L’œuvre de Magda Szabó est parsemée d’éléments autobiographiques, il y a ainsi toujours un membre de sa nombreuse famille enracinée dans la ville de Debrecen, qui surgit sur la route de la narration, même s’il ne s’agit pas de dessiner directement son arbre généalogique. La représentation de l’école protestante d’Abigaël est nourrie de ses expériences personnelles véçue durant 12 années dans l’établissement réputé Dóczy. « Dóczy était l’une des écoles pilotes pour la formation pratique des filles, la plus importante de celles qui appartenaient à l’Église, la sœur du collège mythique, immortalisé par Zsigmond Móricz (…) institution exigeante. Celles qui avaient été élèves ici en étaient reconnaissantes plus tard, après la guerre perdue (…) ce n’est pas pour rien qu’elles étaient bien armées contre l’austérité monastique, la renonciation, elles étaient hautement qualifiées accompagnée par la foi… » (Für Elise, p. 86.)

La figure de Gina reflète l’identité adolescente de Szabó, celle de la jeune fille susceptible, extrêmement douée qui répond fièrement en exposant ses opinions à contre-courant.

Dans le dernier récit de sa propre vie (Für Elise) la romancière dépeint son combat crucial contre les obstacles érigés par ses professeurs.
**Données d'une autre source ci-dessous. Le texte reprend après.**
(* For every integer $n\ge2$ the following hold (vector sums with zero-padding on the right; $(0,v)$ denotes $v$ with a $0$ prepended): 1. If $n$ is odd, $\gamma^{(n,(n+1)/2)}=\sum_{k=1}^{(n-1)/2}\big[\widetilde\gamma^{(n-1,k)}+\gamma^{(n-1,\overline{k})}\big]$. 2. If $n$ is odd, $\gamma^{(n,\overline{(n+1)/2})}=\sum_{k=1}^{(n-1)/2}\big[\widetilde\gamma^{(n-1,\overline{k})}+(0,\gamma^{(n-1,k)})\big]$. 3. For $1\le j<(n+1)/2$: $\gamma^{(n,j)}=2\sum_{k=1}^{\lfloor n/2\rfloor}\gamma^{(n-1,\overline{k})}+2\sum_{k=1}^{j-1}\widetilde\gamma^{(n-1,k)}+\sum_{k=j}^{\lfloor n/2\rfloor}\gamma^{(n-1,k)}$. 4. For $1\le j<(n+1)/2$: $\gamma^{(n,\overline{j})}=2\sum_{k=1}^{\lfloor n/2\rfloor}(0,\gamma^{(n-1,k)})+2\sum_{k=1}^{j-1}\widetilde\gamma^{(n-1,\overline{k})}+\sum_{k=j}^{\lfloor n/2\rfloor}\gamma^{(n-1,\overline{k})}$. 5. For $1\le j<(n+1)/2$: $\widetilde\gamma^{(n,j)}=\sum_{k=1}^{j-1}\widetilde\gamma^{(n-1,k)}+2\sum_{k=j}^{\lfloor n/2\rfloor}(0,\gamma^{(n-1,k)})+\sum_{k=1}^{\lfloor n/2\rfloor}\gamma^{(n-1,\overline{k})}$. 6. For $1\le j<(n+1)/2$: $\widetilde\gamma^{(n,\overline{j})}=\sum_{k=1}^{j-1}\widetilde\gamma^{(n-1,\overline{k})}+2\sum_{k=j}^{\lfloor n/2\rfloor}(0,\gamma^{(n-1,\overline{k})})+\sum_{k=1}^{\lfloor n/2\rfloor}(0,\gamma^{(n-1,k)})$.
   Context: $B_n$ is the group of signed permutations $\sigma=\sigma_1\cdots\sigma_n$ of $\{\pm1,\dots,\pm n\}$ ($\sigma_{-i}=-\sigma_i$); write $\bar s=-s$. With $\sigma_0=0$, $\mathrm{des}_B(\sigma)=|\{i\in\{0,\dots,n-1\}:\sigma_i>\sigma_{i+1}\}|$. For $j\in\{\pm1,\dots,\pm n\}$ let $B^+_{n,j}(t)=\sum t^{\mathrm{des}_B(\sigma)}$ over $\sigma\in B_n$ with $\sigma_n>0$ and $\sigma_1=j$. For $1\le j\le n$ set $\mathbb{B}^+_{n,j}=B^+_{n,j}+B^+_{n,n-j+1}$ and $\mathbb{B}^+_{n,\bar j}=B^+_{n,\bar j}+B^+_{n,\overline{n-j+1}}$ if $j\ne(n+1)/2$, and $\mathbb{B}^+_{n,j}=B^+_{n,j}$, $\mathbb{B}^+_{n,\bar j}=B^+_{n,\bar j}$ if $j=(n+1)/2$. For $1\le j<(n+1)/2$ set $\widetilde{\mathbb{B}}^+_{n,j}(t)=tB^+_{n,j}(t)+B^+_{n,n-j+1}(t)$ and $\widetilde{\mathbb{B}}^+_{n,\bar j}(t)=tB^+_{n,\overline{n-j+1}}(t)+B^+_{n,\bar j}(t)$. For a polynomial $P$ with $P(t)=t^mP(1/t)$, its $\gamma$-vector with respect to $m$ is the unique $(\gamma_0,\dots,\gamma_{\lfloor m/2\rfloor})$ with $P(t)=\sum_k\gamma_kt^k(1+t)^{m-2k}$. Then $\gamma^{(n,j)}$, $\gamma^{(n,\bar j)}$, $\widetilde\gamma^{(n,j)}$, $\widetilde\gamma^{(n,\bar j)}$ are the $\gamma$-vectors of $\mathbb{B}^+_{n,j}$, $\mathbb{B}^+_{n,\bar j}$, $\widetilde{\mathbb{B}}^+_{n,j}$, $\widetilde{\mathbb{B}}^+_{n,\bar j}$ with respect to $m=n-1$, $n$, $n$, $n+1$ respectively. *)

theory Defs
  imports "HOL-Computational_Algebra.Polynomial"
begin

definition signed_perms :: "nat \<Rightarrow> int list set" where
  "signed_perms n = {s. length s = n \<and> set (map abs s) = {1..int n}}"

definition desB :: "int list \<Rightarrow> nat" where
  "desB s = card {i \<in> {0..<length s}. (0 # s) ! i > (0 # s) ! (i + 1)}"

definition Bplus :: "nat \<Rightarrow> int \<Rightarrow> int poly" where
  "Bplus n j = (\<Sum>s\<in>{s \<in> signed_perms n. last s > 0 \<and> hd s = j}. monom 1 (desB s))"

definition BBpos :: "nat \<Rightarrow> nat \<Rightarrow> int poly" where
  "BBpos n j = (if 2 * j = n + 1 then Bplus n (int j)
                else Bplus n (int j) + Bplus n (int (n + 1 - j)))"

definition BBneg :: "nat \<Rightarrow> nat \<Rightarrow> int poly" where
  "BBneg n j = (if 2 * j = n + 1 then Bplus n (- int j)
                else Bplus n (- int j) + Bplus n (- int (n + 1 - j)))"

definition BBtpos :: "nat \<Rightarrow> nat \<Rightarrow> int poly" where
  "BBtpos n j = pCons 0 (Bplus n (int j)) + Bplus n (int (n + 1 - j))"

definition BBtneg :: "nat \<Rightarrow> nat \<Rightarrow> int poly" where
  "BBtneg n j = pCons 0 (Bplus n (- int (n + 1 - j))) + Bplus n (- int j)"

text \<open>gamma-vector of P with respect to m, as a function nat => int that vanishes
  beyond floor(m/2) (i.e. the vector padded with zeros on the right).\<close>
definition gamma_vec :: "nat \<Rightarrow> int poly \<Rightarrow> (nat \<Rightarrow> int)" where
  "gamma_vec m P = (THE g. (\<forall>i > m div 2. g i = 0) \<and>
      P = (\<Sum>k\<le>m div 2. smult (g k) (monom 1 k * [:1, 1:] ^ (m - 2 * k))))"

definition gam_pos :: "nat \<Rightarrow> nat \<Rightarrow> nat \<Rightarrow> int" where
  "gam_pos n j = gamma_vec (n - 1) (BBpos n j)"

definition gam_neg :: "nat \<Rightarrow> nat \<Rightarrow> nat \<Rightarrow> int" where
  "gam_neg n j = gamma_vec n (BBneg n j)"

definition gamt_pos :: "nat \<Rightarrow> nat \<Rightarrow> nat \<Rightarrow> int" where
  "gamt_pos n j = gamma_vec n (BBtpos n j)"

definition gamt_neg :: "nat \<Rightarrow> nat \<Rightarrow> nat \<Rightarrow> int" where
  "gamt_neg n j = gamma_vec (n + 1) (BBtneg n j)"

definition shift0 :: "(nat \<Rightarrow> int) \<Rightarrow> nat \<Rightarrow> int" where
  "shift0 v i = (if i = 0 then 0 else v (i - 1))"

end

theory Submission
  imports Defs
begin

(* Deleting the first letter j of a signed permutation with positive last letter and
   standardising the remaining letters is a bijection onto the signed permutations of size
   n - 1 with positive last letter, and it changes the type-B descent number by 0 or 1,
   depending only on j and on the new first letter x.  Hence B^+_{n,j} is a combination of
   the B^+_{n-1,x} with coefficients 1 and t.  Cutting the letters x into the blocks
   1..j-1, j..n-j, n+1-j..n-1 and their negatives, the bold and tilde polynomials of level n
   become sums of those of level n - 1 multiplied by 2, t or 1 + t.  Multiplying by 1 + t
   keeps a gamma vector and raises m by one, multiplying by t shifts it and raises m by two,
   and gamma vectors are unique, so the polynomial recurrences become the stated recurrences
   of gamma vectors. *)

fun descents :: "'a::linorder list \<Rightarrow> nat" where
  "descents (x # y # r) = (if y < x then 1 else 0) + descents (y # r)"
| "descents _ = 0"

lemma card_descent_positions:
  "card {i \<in> {0..<length l - 1}. l ! (i + 1) < l ! i} = descents l"
proof (induction l rule: descents.induct)
  case (1 x y r)
  let ?D = "\<lambda>l. {i \<in> {0..<length l - 1}. l ! (i + 1) < l ! i}"
  have "?D (x # y # r) = (if y < x then {0} else {}) \<union> Suc ` ?D (y # r)"
  proof (rule set_eqI)
    show "i \<in> ?D (x # y # r) \<longleftrightarrow> i \<in> (if y < x then {0} else {}) \<union> Suc ` ?D (y # r)" for i
      by (cases i) auto
  qed
  then show ?case
    using "1" by (simp add: card_image card_insert_if image_iff)
qed auto

lemma descents_map_strict_mono:
  "strict_mono u \<Longrightarrow> descents (map u l) = descents l"
  by (induction l rule: descents.induct) (simp_all add: strict_mono_less)

lemma sum_split_three:
  fixes f :: "nat \<Rightarrow> 'a::comm_monoid_add"
  assumes "1 \<le> j" "2 * j \<le> n + 1"
  shows "(\<Sum>k=1..n-1. f k) = (\<Sum>k=1..j-1. f k) + (\<Sum>k=j..n-j. f k) + (\<Sum>k=n+1-j..n-1. f k)"
proof -
  have "{1..n-1} = {1..j-1} \<union> {j..n-j} \<union> {n+1-j..n-1}"
    using assms by auto
  moreover have "sum f ({1..j-1} \<union> {j..n-j} \<union> {n+1-j..n-1})
      = sum f ({1..j-1} \<union> {j..n-j}) + sum f {n+1-j..n-1}"
    using assms by (intro sum.union_disjoint) auto
  moreover have "sum f ({1..j-1} \<union> {j..n-j}) = sum f {1..j-1} + sum f {j..n-j}"
    by (intro sum.union_disjoint) auto
  ultimately show ?thesis
    by simp
qed
text \<open>Union bound: the random subset has at least k elements with probability at most
  (|V| q)^k.\<close>

lemma prob_random_subset_card_ge:
  assumes V: "finite V" and q: "0 \<le> q" "q \<le> 1"
  shows "measure_pmf.prob (random_subset V q) {S. k \<le> card S} \<le> real (card V) ^ k * q ^ k"
proof -
  define K where "K = {T. T \<subseteq> V \<and> card T = k}"
  have finK: "finite K" unfolding K_def by (rule finite_subset[of _ "Pow V"]) (use V in auto)
  have "measure_pmf.prob (random_subset V q) {S. k \<le> card S} =
      measure_pmf.prob (random_subset V q) ({S. k \<le> card S} \<inter> set_pmf (random_subset V q))"
    by (simp add: measure_Int_set_pmf)
  also have "\<dots> \<le> measure_pmf.prob (random_subset V q) (\<Union>T\<in>K. {S. T \<subseteq> S})"
  proof (rule measure_pmf.finite_measure_mono)
    show "{S. k \<le> card S} \<inter> set_pmf (random_subset V q) \<subseteq> (\<Union>T\<in>K. {S. T \<subseteq> S})"
    proof
      fix S assume S: "S \<in> {S. k \<le> card S} \<inter> set_pmf (random_subset V q)"
      then have "S \<subseteq> V" using set_random_subset by blast
      obtain T where "T \<subseteq> S" "card T = k" using S obtain_subset_with_card_n[of k S] by auto
      then show "S \<in> (\<Union>T\<in>K. {S. T \<subseteq> S})" using \<open>S \<subseteq> V\<close> unfolding K_def by blast
    qed
  qed simp
  also have "\<dots> \<le> (\<Sum>T\<in>K. measure_pmf.prob (random_subset V q) {S. T \<subseteq> S})"
    by (rule measure_pmf.finite_measure_subadditive_finite[OF finK]) auto
  also have "\<dots> = real (card V choose k) * q ^ k"
    using V q n_subsets[OF V, of k] by (simp add: K_def prob_random_subset_contains)
  also have "\<dots> \<le> real (card V) ^ k * q ^ k"
    using q choose_le_power[of "card V" k]
    by (intro mult_right_mono) (simp_all flip: of_nat_power)
  finally show ?thesis .
qed


section \<open>Unions of independent copies\<close>

definition iid_union :: "nat \<Rightarrow> 'a set pmf \<Rightarrow> 'a set pmf" where
  "iid_union k D = map_pmf (\<lambda>T. \<Union>w<k. T w) (Pi_pmf {..<k} {} (\<lambda>_. D))"

lemma iid_union_0: "iid_union 0 D = return_pmf {}"
  by (simp add: iid_union_def)

lemma iid_union_Suc: "iid_union (Suc k) D = bind_pmf D (\<lambda>y. map_pmf (\<lambda>G. G \<union> y) (iid_union k D))"
proof -
  have union_upd: "(\<Union>w<Suc k. (f(k:=y)) w) = (\<Union>w<k. f w) \<union> y" for f :: "nat \<Rightarrow> 'a set" and y
    by (auto simp: less_Suc_eq)
  have "iid_union (Suc k) D = map_pmf (\<lambda>T. \<Union>w<Suc k. T w)
      (do {y \<leftarrow> D; f \<leftarrow> Pi_pmf {..<k} {} (\<lambda>_. D); return_pmf (f(k := y))})"
    unfolding iid_union_def lessThan_Suc by (subst Pi_pmf_insert') auto
  also have "\<dots> = bind_pmf D (\<lambda>y. bind_pmf (Pi_pmf {..<k} {} (\<lambda>_. D))
      (\<lambda>f. return_pmf ((\<Union>w<k. f w) \<union> y)))"
    by (simp only: map_bind_pmf map_return_pmf union_upd)
  also have "\<dots> = bind_pmf D (\<lambda>y. map_pmf (\<lambda>G. G \<union> y) (iid_union k D))"
    unfolding iid_union_def by (simp add: map_pmf_def bind_assoc_pmf bind_return_pmf)
  finally show ?thesis .
qed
Tout en étant quelqu’un à fort potentiel, douée pour l’écriture et les langues, ses supérieures la traite d’une façon erronée : « Si on présentait des aspérités, ils tentaient de les raper jusqu’à la corde ». Dans Abigaël, on s’intéresse d’abord à la guerre entre Gina et les élèves, vite terminée, puis aux diableries commises en commun qui ne relèvent pas de la discordance entre son talent inhabituel et les exigences autoritaires. Si dans Für Elise, Szabó confesse ses relations passionnelles, voire fusionnelles, parfois destructrices parfois enrichissantes avec ses enseignants, le personnage de Gina, pour sa part, ne cesse de guetter ses éducateurs – par manque de jeu de société plus intéressant – mais leur est bien moins attachée intellectuellement et émotionnellement.

Et elle est le moins attachée à celui –c’est même un mépris furieux qu’elle ressent sporadiquement envers lui – qui suit ses pas tendrement, la protège – camouflé en simplet gentil et philanthrope : « il était à nos yeux la tartine de miel. Pendant l’excursion à Bánkút, le bouffon a changé de rôle (…) le feu de bois a grillé son masque (…) En décrivant son personnage, j’ai ressuscité notre professeur de français au double visage, sa méthode, sa serviabilité. C’est lui, Abigaël, qui savait que l’âme intacte, l’homme sauvé, la dignité humaine défendue sont plus importants que les règles » . (Für Elise, p. 233)

Le roman d’apprentissage de Gina se termine quand elle admet que bien que capable de dresser un portrait double, elle est mauvaise analyste, ne percevant que l’apparence sans distinguer le vrai héros des beaux lieutenants paradants et lustrés.